About 180 people attend discussion on ‘Democracy and the Future of Journalism’
SCOTTSBLUFF — A free press and democracy are so closely intertwined that they are almost synonymous. With both inherently necessary to the success of our country, the public and members of the media converged at the Midwest Theater for an open forum on “An Issue of Trust: Democracy and the Future of Journalism” on Thursday, Oct. 18. There were roughly 180 people in attendance.
Before opening the forum to the public, moderator Steve Chatelain asked the panel, why is good journalism important in a democracy?
“We are a nation of checks and balances,” said panelist Anna Staver, who is a political reporter for The Denver Post. “I really see journalism as a check that our public institutions like our hospitals, businesses and politicians, are all working in our best interest.”
Beyond informing the public about the activities of public officials, KFOR Radio anchor and broadcaster with Alpha Media, Charlie Brogan shared how journalism is the first level of writing history.
“We rely on journalism and good journalists to keep a record of events that go on in a community or industry.”
Clark Kauffman, who is an investigative reporter for The Des Moines Register said, “Journalism and a free press are important because they are an essential ingredient to democracy.”
For an hour and half, the public led the discussion on democracy and journalism by presenting questions to the panel. There was discussion about separating journalism from entertainment, particularly from a national media perspective. Staver argued that all news needs to contain a narrative art that draws in the readers on an emotional level, however, there is a fine line to keep the piece interesting without making it an entertainment piece or making it boring.
Brogan brought up the idea of what is news. He said, “in a sense, news is something you didn’t know before and in another sense, it reports on the entertainment industry, so there is a lot of different types of news.”

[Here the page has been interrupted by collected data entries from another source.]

lemma gdist_le_max_add:
  assumes "v \<in> V" "u \<in> V" "x \<in> V" "y \<in> V" and "d u x \<le> d x y" "d u y \<le> d y x"
  shows "d v u \<le> max (d v x) (d v y) + 3 * i + 2"
proof -
  define near_u where "near_u w \<longleftrightarrow> w \<in> interval V E v u \<and>
    (d u w + d w x \<le> d u x + i \<or> d u w + d w y \<le> d u y + i)" for w
  have "near_u u" using assms(1,2) unfolding near_u_def interval_def by simp
  then obtain w0 where w0: "near_u w0" and lowest: "\<And>w. near_u w \<Longrightarrow> d v w0 \<le> d v w"
    using ex_has_least_nat[of near_u u "d v"] by blast
  have w0I: "w0 \<in> interval V E v u" using w0 unfolding near_u_def by blast
  have below_w0: "\<not> d u c + d c x \<le> d u x + i" "\<not> d u c + d c y \<le> d u y + i"
    if "c \<in> interval V E v u" "Suc (d v c) = d v w0" for c
    using lowest[of c] that unfolding near_u_def by auto
  obtain wx where wx: "wx \<in> interval V E v u" "d v wx = d v w0"
    "d u wx + d wx x \<le> d u x + i \<or> d v wx + d wx x \<le> d v x + i"
    using interval_level_near_vertex[OF assms(1-3) w0I] by blast
  obtain wy where wy: "wy \<in> interval V E v u" "d v wy = d v w0"
    "d u wy + d wy y \<le> d u y + i \<or> d v wy + d wy y \<le> d v y + i"
    using interval_level_near_vertex[OF assms(1,2,4) w0I] by blast
  consider "d v wx + d wx x \<le> d v x + i" "d v wy + d wy y \<le> d v y + i"
    | "\<not> d v wx + d wx x \<le> d v x + i" | "\<not> d v wy + d wy y \<le> d v y + i"
    by blast
  then show ?thesis
  proof cases
    case 1
    from w0 have "d u w0 + d w0 x \<le> d u x + i \<or> d u w0 + d w0 y \<le> d u y + i"
      unfolding near_u_def by blast
    then show ?thesis
    proof
      assume "d u w0 + d w0 x \<le> d u x + i"
      then have "d v u \<le> d v y + 2 * i + i + 1"
        using interval_level_pair_bound[OF assms(1-4) w0I wy(1), where k = i] wy(2) 1(2) assms(5)
        by simp
      then show ?thesis by simp
    next
      assume "d u w0 + d w0 y \<le> d u y + i"
      then have "d v u \<le> d v x + 2 * i + i + 1"
        using interval_level_pair_bound[OF assms(1,2,4,3) w0I wx(1), where k = i] wx(2) 1(1) assms(6)
        by simp
      then show ?thesis by simp
    qed
  next
    case 2
    then have "d v u \<le> d v y + 3 * i + 2"
      using interval_lower_level_bound[OF assms(1-4) wx(1)] wx(2,3) below_w0(2) assms(5) by simp
    then show ?thesis by simp
  next
    case 3
    then have "d v u \<le> d v x + 3 * i + 2"
      using interval_lower_level_bound[OF assms(1,2,4,3) wy(1)] wy(2,3) below_w0(1) assms(6) by simp
    then show ?thesis by simp
  qed
qed

end

theorem lemma14:
  fixes V :: "'a set" and E :: "'a \<Rightarrow> 'a \<Rightarrow> bool" and i :: nat and x y v :: 'a
  assumes "simple_graph V E" and "connected_graph V E"
    and "alpha_metric i V E"
    and "x \<in> V" and "y \<in> V" and "mutually_distant V E x y"
    and "v \<in> V"
  shows "max (gdist E x v) (gdist E y v) \<le> ecc V E v
       \<and> ecc V E v \<le> max (gdist E x v) (gdist E y v) + 3 * i + 2"
proof -
  interpret alpha_metric_graph V E i using assms(1-3) by unfold_locales
  have ecc_xy: "ecc V E x = d x y" "ecc V E y = d y x"
    using assms(4-6) gdist_sym unfolding mutually_distant_def by auto
  have "d u v \<le> max (d x v) (d y v) + 3 * i + 2" if "u \<in> V" for u
  proof -
    have "d u x \<le> d x y" "d u y \<le> d y x"
      using gdist_le_ecc[OF that, of x] gdist_le_ecc[OF that, of y] ecc_xy by simp_all
    then have "d v u \<le> max (d v x) (d v y) + 3 * i + 2"
      using gdist_le_max_add[OF assms(7) that assms(4,5)] by blast
    then show ?thesis using gdist_sym that assms(4,5,7) by simp
  qed
  then show ?thesis using gdist_le_ecc ecc_le assms(4,5) by simp
qed

end
(* Let $A$ be an arena and $\sigma$ a view function on $A$. Then its view closure $\overline{\sigma}$ is a strategy on $A$ (a non-empty set of even-length plays, closed under even-length prefixes, deterministic and uniform).
   Context: First-order variables are split into three disjoint countable sets: $\mathcal A$-variables, $\mathcal O$-variables (with a fixed enumeration $(o_i)_{i\in\mathbb N}$) and $\mathcal P$-variables. $\mathcal{AP}$-terms (resp. $\mathcal{OP}$-terms) are first-order terms built from $\mathcal A$- and $\mathcal P$-variables (resp. $\mathcal O$- and $\mathcal P$-variables). Arena: a finite forest whose nodes (moves) carry a first-order label (a list of $\mathcal A$-variables, all such variables in the arena being distinct) and an atomic label (a list of atomic formulas $X\,t_1\dots t_k$ whose $t_i$ are $\mathcal{AP}$-terms whose $\mathcal A$-variables occur in the first-order label of the node or of an ancestor). Polarity is depth parity: even = Opponent (O), odd = Player (P); roots are initial. Justified sequence: finite sequence of move occurrences; each non-initial occurrence has a $\lambda$-pointer to an earlier occurrence of its father; each element of the atomic label of an occurrence has at most one $\mu$-pointer to an element of the atomic label of an earlier occurrence of opposite polarity. Instantiations: each O-move occurrence carries an $\mathcal O$-instantiation (list of $\mathcal O$-variables of the length of its first-order label), each P-move occurrence a $\mathcal P$-instantiation (list of $\mathcal{OP}$-terms of that length); all $\mathcal O$-variables in $\mathcal O$-instantiations are distinct. For an occurrence $m$ with instantiation $[t_1..t_k]$ and first-order label $[x_1..x_k]$, $\theta_m=\{x_i\mapsto t_i\}$ if $m$ is initial, else $\theta_m=\theta_n\cup\{x_i\mapsto t_i\}$ with $n$ its $\lambda$-justifier. Play: an instantiated justified sequence with alternating polarities, no $\mu$-pointers from O-moves, exactly one $\mu$-pointer from each element of the atomic label of each P-move, every $\mu$-pointer from $X\,t_1..t_k$ at $m$ to $Y\,u_1..u_p$ at $n$ satisfying $X=Y$, $k=p$, $t_i\theta_m=u_i\theta_n$, and every $\mathcal O$-variable occurring in a $\mathcal P$-instantiation occurring in an earlier $\mathcal O$-instantiation. An $\mathcal O$-renaming is an injection $\varsigma$ of $\mathcal O$-variables into themselves; $s\varsigma$ replaces each $o$ by $\varsigma(o)$ in all instantiations. Strategy: non-empty set of even-length plays closed under even-length prefixes, deterministic ($sm,sn\in\sigma\Rightarrow sm=sn$, including pointers and instantiations) and uniform ($s\in\sigma\Rightarrow s\varsigma\in\sigma$ for every $\mathcal O$-renaming). View: a play in which each O-move occurrence other than the first is $\lambda$-justified by the immediately preceding move, and the concatenation (in order) of its $\mathcal O$-instantiations is a prefix of $(o_i)$. Pre-view: $\lceil\varepsilon\rceil=\varepsilon$; $\lceil sm\rceil=\lceil s\rceil m$ for P-moves $m$; $\lceil sm\rceil=m$ for initial $m$; $\lceil sm\,t\,n\rceil=\lceil sm\rceil n$ for an O-move $n$ justified by $m$. The view $\ulcorner s\urcorner$ is $\lceil s\rceil\varsigma$ where $\varsigma$ is an $\mathcal O$-renaming sending the $i$-th $\mathcal O$-variable played in $\lceil s\rceil$ to $o_i$. View function: non-empty set of even-length views closed under even-length prefixes and deterministic. View closure $\overline\sigma$: least set with $\varepsilon\in\overline\sigma$ and, if $s\in\overline\sigma$, $smn$ is a play and $\ulcorner smn\urcorner\in\sigma$, then $smn\in\overline\sigma$. *)

theory Defs
  imports Main
begin

text \<open>First-order variables: A-variables, O-variables (o_i = OV i) and P-variables.\<close>
datatype var = AV nat | OV nat | PV nat

datatype trm = Var var | Fn nat "trm list"

text \<open>Atomic formula X t1 .. tk : predicate symbol X (nat) with argument list.\<close>
type_synonym atom = "nat \<times> trm list"

fun A_var :: "var \<Rightarrow> bool" where
  "A_var (AV _) = True" | "A_var _ = False"
fun O_var :: "var \<Rightarrow> bool" where
  "O_var (OV _) = True" | "O_var _ = False"
fun P_var :: "var \<Rightarrow> bool" where
  "P_var (PV _) = True" | "P_var _ = False"

fun tvars :: "trm \<Rightarrow> var set" where
  "tvars (Var x) = {x}"
| "tvars (Fn f ts) = (\<Union>t\<in>set ts. tvars t)"

definition AP_term :: "trm \<Rightarrow> bool" where
  "AP_term t \<longleftrightarrow> (\<forall>x\<in>tvars t. A_var x \<or> P_var x)"

definition OP_term :: "trm \<Rightarrow> bool" where
  "OP_term t \<longleftrightarrow> (\<forall>x\<in>tvars t. O_var x \<or> P_var x)"

fun subst :: "(var \<rightharpoonup> trm) \<Rightarrow> trm \<Rightarrow> trm" where
  "subst \<theta> (Var x) = (case \<theta> x of Some t \<Rightarrow> t | None \<Rightarrow> Var x)"
| "subst \<theta> (Fn f ts) = Fn f (map (subst \<theta>) ts)"

fun oren :: "(nat \<Rightarrow> nat) \<Rightarrow> trm \<Rightarrow> trm" where
  "oren \<zeta> (Var (OV i)) = Var (OV (\<zeta> i))"
| "oren \<zeta> (Var x) = Var x"
| "oren \<zeta> (Fn f ts) = Fn f (map (oren \<zeta>) ts)"

record 'm arena =
  amoves :: "'m set"
  apar   :: "'m \<Rightarrow> 'm option"
  afol   :: "'m \<Rightarrow> var list"
  aatl   :: "'m \<Rightarrow> atom list"

inductive has_depth :: "'m arena \<Rightarrow> 'm \<Rightarrow> nat \<Rightarrow> bool" for A where
  root: "apar A m = None \<Longrightarrow> has_depth A m 0"
| step: "apar A m = Some n \<Longrightarrow> has_depth A n d \<Longrightarrow> has_depth A m (Suc d)"

definition O_move :: "'m arena \<Rightarrow> 'm \<Rightarrow> bool" where
  "O_move A m \<longleftrightarrow> (\<exists>d. has_depth A m d \<and> even d)"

Along with the discussion about news coverage, the panel addressed how journalists reassure their audience that bias does not drive what they write and report on in the community. While bias is present in everyone, Staver said the journalist’s job is to ensure that the method for composing a piece is objective. “It’s important to note that it’s not necessarily that the journalist is objective,” she said. “It’s the method, which is supposed to correct for what I believe.”
When reporters and editors compile content for the newspaper, the selection process is important to assess for potential biases in coverage, particularly when it comes to political matters. However, Kauffman pointed out that while the majority of the newspaper presents information in an unbiased fashion, editorials are designed to demonstrate an opinion. He said, “if it’s a good editorial, it should have a very specific view point, but of course, that is separate from the rest of the newspaper.”
Brogan added that on a national level, the issue with reporting bias arose 21 years ago with the emergence of television news stations that promote different agendas. With the specific direction of those stations, Brogan said the American public has a checks and balances on the news media by choosing what to watch, read, and listen. “Today, a lot of the problem with the media is that it continues to spread where there is a news medium for every chain of opinion,” he said. “Rather than presenting you with a variety of ideas to explore and digest, you’re now able to go to one medium that agrees with your preconceptions and just rally around it.”
In recent years, the term fake news has made its way into the mainstream media as well as into the political arena. Staver warned about the dangers of the source of the news, especially when looking at online sources that appear to be legitimate. She suggested checking the about me page of the website to validate the materials people consume and to be a more savvy news consumer due to the plethora of mediums the public has access to via the internet.
With the easy access to the internet, Brogan noted how the number of news outlets continues to grow, which means there are more voices on issues and less people listening and thinking about what they are saying.
Kauffman addressed President Donald Trump’s comments about the press. “When he calls the press the enemy of the people that in itself is damaging to this critical element of democracy,” said Kauffman.
Staver and Brogan were both optimistic about the future of journalism in our democracy because of its role in the function of the country and people’s interest in their community and local, state, and national government. Kauffman was not optimistic about the future of journalism. He said the problem he sees is at the mid-sized and smaller media outlets that no longer have reporters covering local government. “I don’t just mean going to city council meetings,” he said. “I mean going to the file cabinets and digging out information and doing enterprise reporting.”
Prior to engaging in a panel discussion, people enjoyed a business after hours event in the lobby of the theater.
The open forum was sponsored by the Star-Herald, KNEB, the Chadron State Eagle and Humanities Nebraska.
The “Democracy and the Future of Journalism” discussion is part of a national initiative to deepen the public’s understanding of the vital role of journalism in democracy to maintain an informed citizenry.